The incidence of diabetes is predicted to increase to 21% by 2050. Currently, one third of US adults are obese and over 11% of these individuals have diabetes. Due to the growing need for therapeutic intervention to control and/or stabilize this increase in the incidence of diabetes in Western communities, gaining a comprehensive understanding of the association between obesity and Type 2 diabetes has become increasingly important to diabetes research. The increased cell senescence associated with diabetes has been associated with the limited ability of cells to divide, with indication of telomere shortening and genomic instability of the cells. Obese individuals have shorter telomeres suggesting an inverse relationship between adiposity and telomere length. The implication that Type 2 diabetes has on biological aging is of particular interest since telomere shortening in obesity and diabetes has been associated with an early risk for dementia and even progression to Alzheimer’s disease (AD). Lifestyle, nutrition and longevity are closely related and cellular senescence has been associated with telomere shortening and connected to longevity. Diet, cholesterol lowering drugs and exercise that control food intake and glucose tolerance in aging and diabetic individuals, via connections between liver circadian clocks and the suprachiasmatic nucleus in the brain, also have been shown to alter telomere lengths. Lifestyle interventions, such as diets low in fat and exercise, target the rise in obesity and associated telomere shortening by delaying or preventing the onset of Type 2 diabetes. The implementation of these anti-aging therapies early in life may prevent calorie overload and activation of calorie sensitive genes such as Sirtuin 1 (Sirt1). This may maintain telomere length and the control of obesity, which is linked to cardiovascular disease, diabetes and accelerates aging and AD.
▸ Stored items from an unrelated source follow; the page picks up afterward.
lemma substr_append_drop: "s \<le> e \<Longrightarrow> substr X s e @ drop e X = drop s X"
  unfolding substr_def by (metis append_take_drop_id drop_drop le_add_diff_inverse2)

lemma take_append_substr: "s \<le> e \<Longrightarrow> take s X @ substr X s e = take e X"
  unfolding substr_def by (metis le_add_diff_inverse take_add)

lemma is_period_substr_iff:
  "is_period (substr X s e) q \<longleftrightarrow> has_period_on X s (min e (length X)) q"
proof
  assume per: "is_period (substr X s e) q"
  show "has_period_on X s (min e (length X)) q"
    unfolding has_period_on_def
  proof (intro allI impI)
    fix i assume "s \<le> i" "i + q < min e (length X)"
    then have j: "i - s + q < length (substr X s e)" by (simp add: length_substr less_diff_conv)
    then have "substr X s e ! (i - s) = substr X s e ! (i - s + q)"
      using per unfolding is_period_def by blast
    then show "X ! i = X ! (i + q)" using j \<open>s \<le> i\<close> by (simp add: nth_substr)
  qed
next
  assume per: "has_period_on X s (min e (length X)) q"
  show "is_period (substr X s e) q"
    unfolding is_period_def
  proof (intro allI impI)
    fix j assume j: "j + q < length (substr X s e)"
    then have "s + j + q < min e (length X)" by (simp add: length_substr min_def split: if_splits)
    then have "X ! (s + j) = X ! (s + j + q)" using per by (simp add: has_period_on_def)
    then show "substr X s e ! j = substr X s e ! (j + q)" using j by (simp add: nth_substr add.assoc)
  qed
qed

text \<open>The overlap \<open>[t, e)\<close> has length at least \<open>p + q\<close>, so the period \<open>q\<close> propagates
  leftwards: \<open>X!i = X!(i+p) = X!(i+p+q) = X!(i+q)\<close>.\<close>
lemma has_period_on_extend_left:
  assumes P: "has_period_on X s e p" and Q: "has_period_on X t f q"
    and "0 < p" "s \<le> t" "t + p + q \<le> e" "e \<le> f"
  shows "has_period_on X s f q"
  unfolding has_period_on_def
proof (intro allI impI)
  fix i assume "s \<le> i" "i + q < f"
  then show "X ! i = X ! (i + q)"
  proof (induction "f - i" arbitrary: i rule: less_induct)
    case (less i)
    show ?case
    proof (cases "t \<le> i")
      case True
      then show ?thesis using Q less.prems by (simp add: has_period_on_def)
    next
      case False
      then have "i + p + q < e" using assms by linarith
      then have "X ! i = X ! (i + p)" and "X ! (i + q) = X ! (i + q + p)"
        using P less.prems by (auto simp: has_period_on_def)
      moreover have "X ! (i + p) = X ! (i + p + q)"
        using less.hyps[of "i + p"] less.prems \<open>i + p + q < e\<close> \<open>0 < p\<close> assms by simp
      ultimately show ?thesis by (simp add: ac_simps)
    qed
  qed
qed

lemma periodic_iff: "periodic k Z \<longleftrightarrow> (\<exists>q. 1 \<le> q \<and> q \<le> k \<and> is_period Z q)"
proof -
  have "1 \<le> Suc (length Z) \<and> is_period Z (Suc (length Z))" by (simp add: is_period_def)
  then have "1 \<le> per Z \<and> is_period Z (per Z)" unfolding per_def by (rule LeastI)
  then show ?thesis unfolding periodic_def per_def by (auto intro: Least_le order_trans)
qed

lemma periodic_short: "0 < k \<Longrightarrow> length Z \<le> k \<Longrightarrow> periodic k Z"
  unfolding periodic_iff is_period_def by (intro exI[of _ k]) auto

lemma periodic_substr_iff:
  "periodic k (substr X s e) \<longleftrightarrow> (\<exists>q. 1 \<le> q \<and> q \<le> k \<and> has_period_on X s (min e (length X)) q)"
  by (simp add: periodic_iff is_period_substr_iff)

lemma periodic_substr_mono:
  "periodic k (substr X s e) \<Longrightarrow> s \<le> s' \<Longrightarrow> e' \<le> e \<Longrightarrow> periodic k (substr X s' e')"
  unfolding periodic_substr_iff has_period_on_def by fastforce

lemma periodic_substr: "periodic k X \<Longrightarrow> periodic k (substr X s e)"
  unfolding periodic_substr_iff by (fastforce simp: periodic_iff is_period_def has_period_on_def)

lemma periodic_substr_merge:
  assumes "periodic k (substr X s e)" "periodic k (substr X t f)"
    and "s \<le> t" "t + 2 * k \<le> e" "e \<le> f" "e \<le> length X"
  shows "periodic k (substr X s f)"
proof -
  obtain p where p: "1 \<le> p" "p \<le> k" "has_period_on X s e p"
    using assms(1,6) by (auto simp: periodic_substr_iff min_absorb1)
  obtain q where q: "1 \<le> q" "q \<le> k" "has_period_on X t (min f (length X)) q"
    using assms(2) by (auto simp: periodic_substr_iff)
  have "has_period_on X s (min f (length X)) q"
    using has_period_on_extend_left[OF p(3) q(3)] p q assms(3-6) by simp
  then show ?thesis using q unfolding periodic_substr_iff by blast
qed

lemma card_multiples_straddling_le_3:
  "card {i::nat. k dvd i \<and> i < s \<and> s < i + 3 * k} \<le> 3"
proof (cases "k = 0")
  case False
  let ?a = "(s - 1) div k"
  have "{i. k dvd i \<and> i < s \<and> s < i + 3 * k} \<subseteq> (\<lambda>t. t * k) ` {?a - 2 .. ?a}"
  proof
    fix i assume "i \<in> {i. k dvd i \<and> i < s \<and> s < i + 3 * k}"
    then obtain t where t: "i = t * k" "t * k < s" "s < t * k + 3 * k"
      by (auto elim!: dvdE simp: mult.commute)
    have "t * k \<le> s - 1" using t by linarith
    then have "t \<le> ?a" using False by (metis div_le_mono nonzero_mult_div_cancel_right)
    moreover have "s - 1 < (t + 3) * k" using t by (simp add: algebra_simps)
    then have "?a < t + 3" using False by (simp add: less_mult_imp_div_less)
    ultimately show "i \<in> (\<lambda>t. t * k) ` {?a - 2 .. ?a}" using t by auto
  qed
  then have "card {i. k dvd i \<and> i < s \<and> s < i + 3 * k} \<le> card ((\<lambda>t. t * k) ` {?a - 2 .. ?a})"
    by (intro card_mono) auto
  also have "\<dots> \<le> card {?a - 2 .. ?a}" by (rule card_image_le) auto
  also have "\<dots> \<le> 3" by simp
  finally show ?thesis .
next
  case True
  then have "{i. k dvd i \<and> i < s \<and> s < i + 3 * k} = {}" by auto
  then show ?thesis by (simp only: card.empty zero_le)
qed

lemma finite_breaks: "finite (breaks k X)"
  by (rule finite_subset[of _ "{..length X}"]) (auto simp: breaks_def)

lemma breaks_append_periodic:
  assumes "periodic k Y"
  shows "breaks k (A @ Y) \<subseteq> breaks k A \<union> {i. k dvd i \<and> i < length A \<and> length A < i + 3 * k}"
proof
  fix i assume "i \<in> breaks k (A @ Y)"
  then have i: "i + 3 * k \<le> length (A @ Y)" "k dvd i" "\<not> periodic k (substr (A @ Y) i (i + 3 * k))"
    by (auto simp: breaks_def periodic_def)
  consider "i + 3 * k \<le> length A" | "length A \<le> i" | "i < length A \<and> length A < i + 3 * k"
    by linarith
  then show "i \<in> breaks k A \<union> {i. k dvd i \<and> i < length A \<and> length A < i + 3 * k}"
  proof cases
    case 1
    then have "substr (A @ Y) i (i + 3 * k) = substr A i (i + 3 * k)" by (simp add: substr_def)
    then show ?thesis using 1 i by (auto simp: breaks_def periodic_def)
  next
    case 2
    then have "substr (A @ Y) i (i + 3 * k) = substr Y (i - length A) (i - length A + 3 * k)"
      by (simp add: substr_def)
    then show ?thesis using i(3) periodic_substr[OF assms] by simp
  qed (use i in auto)
qed

lemma card_breaks_concat_le:
  assumes "0 < k" "\<forall>Y\<in>set Xs. periodic k Y"
  shows "card (breaks k (concat Xs)) \<le> 3 * length Xs"
  using assms(2)
proof (induction Xs rule: rev_induct)
  case Nil
  then show ?case using assms(1) by (simp add: breaks_def)
next
  case (snoc Y Xs)
  let ?A = "concat Xs"
  have "card (breaks k (?A @ Y))
      \<le> card (breaks k ?A \<union> {i. k dvd i \<and> i < length ?A \<and> length ?A < i + 3 * k})"
    using breaks_append_periodic snoc.prems by (intro card_mono) (auto simp: finite_breaks)
  also have "\<dots> \<le> card (breaks k ?A) + 3"
    by (rule le_trans[OF card_Un_le]) (simp add: card_multiples_straddling_le_3)
  also have "\<dots> \<le> 3 * length (Xs @ [Y])" using snoc by simp
  finally show ?case by simp
qed

lemma BP_le: "concat Xs = X \<Longrightarrow> \<forall>Y\<in>set Xs. periodic k Y \<Longrightarrow> BP k X \<le> length Xs"
  unfolding BP_def by (rule Least_le) blast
Age-related diseases are becoming a major concern as the world’s population grows older due to advances in medical technology, health and nutrition. Dementia accounts for a large proportion of age-related diseases and is characterised clinically by deterioration in cognitive processing, including memory. Alzheimer’s disease (AD) is the most common form of age-related dementia. The insulin-resistance syndrome has in many studies been associated with diabetes and AD. The social and economic consequences of this disease present a significant challenge to society, and it is imperative that strategies to prevent or delay the onset of diabetes are developed to prevent the proportion of the age related group with cardiovascular dysfunction progressing towards AD. AD is a neurodegenerative disease which presents clinically with key clinical symptoms including progressive decline in memory. Risk factors for AD include old age, family history of dementia, APOE e4 genotype, Down’s syndrome, obesity and type 2 diabetes.
Epidemiological studies clearly suggest that human obesity is associated with the increased risk for atherosclerosis, contributing to the early onset of coronary artery disease and diabetes. The susceptibility of humans to obesity is far higher compared with other species [1]. Amongst mammals, humans have been reported to have the highest level of fat than any other species as genes and environmental factors predispose humans to obesity [2]. In an editorial by Testa and Ceriello published in 2007, the increased cell senescence associated with diabetes was associated with the limited ability of cells to divide with indication of cellular alteration in genes and genomic instability of the cells [3]. Human obesity may complete the pathogenetic loop between cell senescence and diabetes through teleomere shortening and an association with an increased risk for atherosclerosis. This in turn contributes to the early onset of coronary artery disease and diabetes.
Visceral obesity in particular increases the risk of atherosclerosis owing to both insulin resistance and dyslipoproteinemia and this global rise in obesity is possibly linked to telomere disease. Obesity has been closely linked to diabetes [4,5] and the association of obesity and telomere shortening has now been reported [6]. In particular, telomere length, high density lipoprotein (HDL) cholesterol [7] and other risk factors for atherosclerosis that could be exacerbated by obesity-associated telomere dysfunction include hypertension and hyperlipidemia (particularly hypertriglyceridemia). These are also risk factors for AD. Circadian desynchrony and hyperphagia are also related to obesity and anti-aging, circadian proteins, such as sirtuins are known to regulate several cell functions by deacetylating both histone and nonhisotone targets. Sirtuins are NAD(+)dependent class III histone deacetylase (HDAC) proteins that target transcription factors to adapt gene expression to metabolic activity. Sirtuin 1 (Sirt1) is linked to life span, obesity and cardiovascular disease with effects on liver steatosis, inflammation, food intake, energy metabolism, cognition, mitochondrial biogenesis, neurogenesis, glucose/cholesterol metabolism and amyloidosis [8-22]. Regulation of Sirt1 by calorie restriction in extending life span has been recognized. Novel dietary acitvators of Sirt1 are required and designing compounds that have therapeutic potential for the control of telomere shortening, clock circuitry and generation of Aβ for the treatment of AD is the focus of several research groups [23-26].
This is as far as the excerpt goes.